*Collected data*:
※ ※ ※

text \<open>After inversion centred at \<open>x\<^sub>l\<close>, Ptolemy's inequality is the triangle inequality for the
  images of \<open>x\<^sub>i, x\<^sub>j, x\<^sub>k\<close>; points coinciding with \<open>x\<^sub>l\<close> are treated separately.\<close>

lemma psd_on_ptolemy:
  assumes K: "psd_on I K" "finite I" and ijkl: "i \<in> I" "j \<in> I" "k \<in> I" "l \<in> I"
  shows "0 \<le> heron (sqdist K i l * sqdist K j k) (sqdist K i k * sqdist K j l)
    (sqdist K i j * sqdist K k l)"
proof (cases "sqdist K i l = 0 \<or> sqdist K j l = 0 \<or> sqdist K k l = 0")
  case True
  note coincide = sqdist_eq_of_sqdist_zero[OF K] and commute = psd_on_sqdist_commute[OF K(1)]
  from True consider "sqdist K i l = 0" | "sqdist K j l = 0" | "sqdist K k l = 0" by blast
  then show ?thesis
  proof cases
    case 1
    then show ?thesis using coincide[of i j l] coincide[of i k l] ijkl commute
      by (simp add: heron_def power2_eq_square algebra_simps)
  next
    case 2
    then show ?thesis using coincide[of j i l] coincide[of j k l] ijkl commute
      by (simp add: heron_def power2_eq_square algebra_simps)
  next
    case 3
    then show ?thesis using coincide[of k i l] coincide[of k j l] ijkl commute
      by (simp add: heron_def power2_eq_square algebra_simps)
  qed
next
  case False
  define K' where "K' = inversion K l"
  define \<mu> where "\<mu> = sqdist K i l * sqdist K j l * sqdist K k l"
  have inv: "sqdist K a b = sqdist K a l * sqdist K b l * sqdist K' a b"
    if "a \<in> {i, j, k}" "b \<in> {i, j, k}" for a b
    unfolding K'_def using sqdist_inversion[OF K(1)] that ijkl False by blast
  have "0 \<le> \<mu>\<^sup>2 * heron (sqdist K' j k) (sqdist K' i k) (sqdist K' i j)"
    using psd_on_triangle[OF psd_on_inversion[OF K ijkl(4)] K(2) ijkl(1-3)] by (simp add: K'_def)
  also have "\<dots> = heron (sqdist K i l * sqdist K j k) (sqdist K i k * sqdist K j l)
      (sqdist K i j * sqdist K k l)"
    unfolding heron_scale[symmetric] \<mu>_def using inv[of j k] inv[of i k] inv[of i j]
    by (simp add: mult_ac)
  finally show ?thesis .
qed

※ ※ ※

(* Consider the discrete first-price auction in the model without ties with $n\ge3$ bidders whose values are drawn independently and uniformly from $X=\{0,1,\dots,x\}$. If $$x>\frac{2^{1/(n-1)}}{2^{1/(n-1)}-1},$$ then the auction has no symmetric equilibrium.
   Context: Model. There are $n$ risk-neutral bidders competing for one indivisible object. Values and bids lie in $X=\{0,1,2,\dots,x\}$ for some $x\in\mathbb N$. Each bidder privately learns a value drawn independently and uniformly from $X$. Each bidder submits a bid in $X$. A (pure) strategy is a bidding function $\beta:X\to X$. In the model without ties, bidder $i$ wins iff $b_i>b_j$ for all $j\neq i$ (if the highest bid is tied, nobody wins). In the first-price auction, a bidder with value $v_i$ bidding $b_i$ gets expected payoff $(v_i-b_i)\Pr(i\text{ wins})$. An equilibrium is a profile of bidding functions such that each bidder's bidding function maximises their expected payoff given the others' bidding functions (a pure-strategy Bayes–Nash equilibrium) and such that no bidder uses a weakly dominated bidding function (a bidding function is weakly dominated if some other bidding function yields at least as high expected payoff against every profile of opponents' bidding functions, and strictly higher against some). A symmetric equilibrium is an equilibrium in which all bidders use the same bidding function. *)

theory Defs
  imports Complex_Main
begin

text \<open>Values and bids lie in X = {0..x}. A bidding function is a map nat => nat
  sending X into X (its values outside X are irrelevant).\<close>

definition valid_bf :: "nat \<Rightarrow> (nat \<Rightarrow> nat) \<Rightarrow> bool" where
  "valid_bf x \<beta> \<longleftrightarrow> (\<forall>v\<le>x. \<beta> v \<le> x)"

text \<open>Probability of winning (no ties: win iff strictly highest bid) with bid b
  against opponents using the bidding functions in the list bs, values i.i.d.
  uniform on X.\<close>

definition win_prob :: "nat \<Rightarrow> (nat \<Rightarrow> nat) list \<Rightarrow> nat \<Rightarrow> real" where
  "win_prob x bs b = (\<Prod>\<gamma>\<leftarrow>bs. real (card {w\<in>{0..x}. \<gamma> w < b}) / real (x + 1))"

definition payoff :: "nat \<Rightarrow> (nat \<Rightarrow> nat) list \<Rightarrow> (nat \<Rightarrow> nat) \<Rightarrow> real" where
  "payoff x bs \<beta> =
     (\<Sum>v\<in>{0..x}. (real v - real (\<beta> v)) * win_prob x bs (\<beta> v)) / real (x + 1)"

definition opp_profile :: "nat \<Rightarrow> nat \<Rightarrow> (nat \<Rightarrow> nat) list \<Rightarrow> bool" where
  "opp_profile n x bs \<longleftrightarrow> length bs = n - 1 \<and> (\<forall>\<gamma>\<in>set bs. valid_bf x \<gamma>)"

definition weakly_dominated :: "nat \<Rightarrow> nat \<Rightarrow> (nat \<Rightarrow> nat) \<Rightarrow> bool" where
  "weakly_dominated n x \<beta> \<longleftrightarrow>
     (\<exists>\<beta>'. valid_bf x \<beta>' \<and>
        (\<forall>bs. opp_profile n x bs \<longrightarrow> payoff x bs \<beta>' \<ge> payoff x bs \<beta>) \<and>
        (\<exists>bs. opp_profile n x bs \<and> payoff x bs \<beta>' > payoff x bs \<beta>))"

※ ※ ※

*YOUR OBJECTIVE*: Your reply should hold every line from the data that contains "blast", copied in full.

*SOLUTION*:
  from True consider "sqdist K i l = 0" | "sqdist K j l = 0" | "sqdist K k l = 0" by blast
    unfolding K'_def using sqdist_inversion[OF K(1)] that ijkl False by blast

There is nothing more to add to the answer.